For those of you - including you, Bill - saying "Of course these differences are well-known for 50 years": No. They aren't.

From the link:
Japanese girls outperform boys from most other nations on math tests.
Girls in iceland outperform boys in Iceland on math tests.
The number of women working in math and physics more than quadrupled in 30 years in this country.
Cognitive testing of children from 5 mos. to 7 yrs. shows NO gender difference.

None of those stats are explained by "Of course!" (condescending pat on the head to shrill feminist me) "we all KNOW men are better at spatial blah blah blah."

No. We don't.
No. They aren't.

Just. Deal. With. It.

Posted by: Yehudit [TypeKey Profile Page] at February 25, 2005 10:30 PM

Yehudit

Men and women are different and we process information differently. We are not far from our prehistoric ancestors who needed those differences to survive and thrive.

Deal. With.
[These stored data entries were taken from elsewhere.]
lemma psi_term_z_bigo:
  "(\<lambda>x. (-3 * b_gap x^2 + 2 * b_gap x * c_gap x + 2 * a_gap x * b_gap x - a_gap x * c_gap x)
      / ((a_gap x - b_gap x) * (b_gap x - c_gap x)) * ((0 - rem Y x) / b_gap x))
    \<in> O[near_root_z](\<lambda>x. (x - \<alpha>)^2 * (W x - \<alpha>)^2)"
proof -
  have xw_1: "(\<lambda>x. (x - \<alpha>) * (W x - \<alpha>)) \<in> O[near_root_z](\<lambda>_. 1)"
    using landau_o.big.mult[OF bigo_near_root_z[OF x_err_bigo_1] bigo_near_root_z[OF w_err_bigo_1]] by simp
  have x_1: "(\<lambda>x. x - \<alpha>) \<in> O[near_root_z](\<lambda>_. 1)" using bigo_near_root_z[OF x_err_bigo_1] .
  have w_1: "(\<lambda>x. W x - \<alpha>) \<in> O[near_root_z](\<lambda>_. 1)" using bigo_near_root_z[OF w_err_bigo_1] .
  have a_bigo: "a_gap \<in> O[near_root_z](\<lambda>x. x - \<alpha>)" and c_bigo: "c_gap \<in> O[near_root_z](\<lambda>x. W x - \<alpha>)"
    using a_gap_bigtheta c_gap_bigtheta by blast+
  have "(\<lambda>x. -3 * (b_gap x * b_gap x) + 2 * (b_gap x * c_gap x) + 2 * (b_gap x * a_gap x)
      - a_gap x * c_gap x) \<in> O[near_root_z](\<lambda>x. (x - \<alpha>) * (W x - \<alpha>))"
    by (intro sum_in_bigo bigo_const_mult landau_o.big_1_mult[OF b_gap_bigo]
        landau_o.big_trans[OF b_gap_bigo xw_1] landau_o.big_trans[OF c_bigo w_1]
        landau_o.big_trans[OF a_bigo x_1] landau_o.big.mult[OF a_bigo c_bigo])
  then have "(\<lambda>x. -3 * b_gap x^2 + 2 * b_gap x * c_gap x + 2 * a_gap x * b_gap x - a_gap x * c_gap x)
      \<in> O[near_root_z](\<lambda>x. (x - \<alpha>) * (W x - \<alpha>))"
    by (simp add: power2_eq_square mult.assoc mult.commute[of "a_gap _"])
  then have weight: "(\<lambda>x. (-3 * b_gap x^2 + 2 * b_gap x * c_gap x + 2 * a_gap x * b_gap x - a_gap x * c_gap x)
      / ((a_gap x - b_gap x) * (b_gap x - c_gap x)))
      \<in> O[near_root_z](\<lambda>x. (x - \<alpha>) * (W x - \<alpha>) / ((x - \<alpha>) * (W x - \<alpha>)))"
    using ev_x_err_nonzero_z ev_w_err_nonzero_z
    by (intro bigo_divide_bigtheta landau_theta.mult a_minus_b_gap_bigtheta b_minus_c_gap_bigtheta)
      (auto intro!: eventually_conj)
  have "(\<lambda>x. (0 - rem Y x) / b_gap x) \<in> O[near_root_z](\<lambda>x. (Y x - Z x)^4 / b_gap x)"
    using rem_bigo[OF y_tendsto] ev_z_ne_y by (intro bigo_divide_bigtheta) (auto simp: b_gap_def)
  moreover have "eventually (\<lambda>x. (Y x - Z x)^4 / b_gap x = - ((Y x - Z x)^3)) near_root_z"
    using ev_z_ne_y by eventually_elim (simp add: b_gap_def eval_nat_numeral field_simps)
  ultimately have "(\<lambda>x. (0 - rem Y x) / b_gap x) \<in> O[near_root_z](\<lambda>x. - ((Y x - Z x)^3))"
    by (rule bigo_eventually_cong_bound[rotated])
  then have quotient: "(\<lambda>x. (0 - rem Y x) / b_gap x) \<in> O[near_root_z](\<lambda>x. ((x - \<alpha>) * (W x - \<alpha>))^3)"
    using landau_o.big_power[OF y_minus_z_bigo, of 3] by simp (rule landau_o.big_trans)
  have "eventually (\<lambda>x. (x - \<alpha>) * (W x - \<alpha>) / ((x - \<alpha>) * (W x - \<alpha>)) * ((x - \<alpha>) * (W x - \<alpha>))^3
      = ((x - \<alpha>) * (W x - \<alpha>)) * ((x - \<alpha>)^2 * (W x - \<alpha>)^2)) near_root_z"
  proof -
    have cancel: "e * w / (e * w) * (e * w)^3 = (e * w) * (e^2 * w^2)" if "e \<noteq> 0" "w \<noteq> 0" for e w :: real
      using that by (simp add: field_simps eval_nat_numeral)
    show ?thesis using ev_x_err_nonzero_z ev_w_err_nonzero_z by eventually_elim (rule cancel)
  qed
  from bigo_eventually_cong_bound[OF this landau_o.big.mult[OF weight quotient]]
  show ?thesis using landau_o.big_1_mult[OF landau_o.big_refl xw_1, of "\<lambda>x. (x - \<alpha>)^2 * (W x - \<alpha>)^2"]
    by (simp add: mult.commute) (rule landau_o.big_trans)
qed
It.

Posted by: Darleen [TypeKey Profile Page] at February 25, 2005 11:25 PM

Oh come on, Judith, you just can't drop a few "facts" from the NY Times (not a scientific journal) and consider the case closed (BTW, I as a member of the VRWC find GREAT fault in the NYT science reports, but it's not just reserved for the NYT, most reporters aren't knowledgable enough in the subjects they write about to be credible)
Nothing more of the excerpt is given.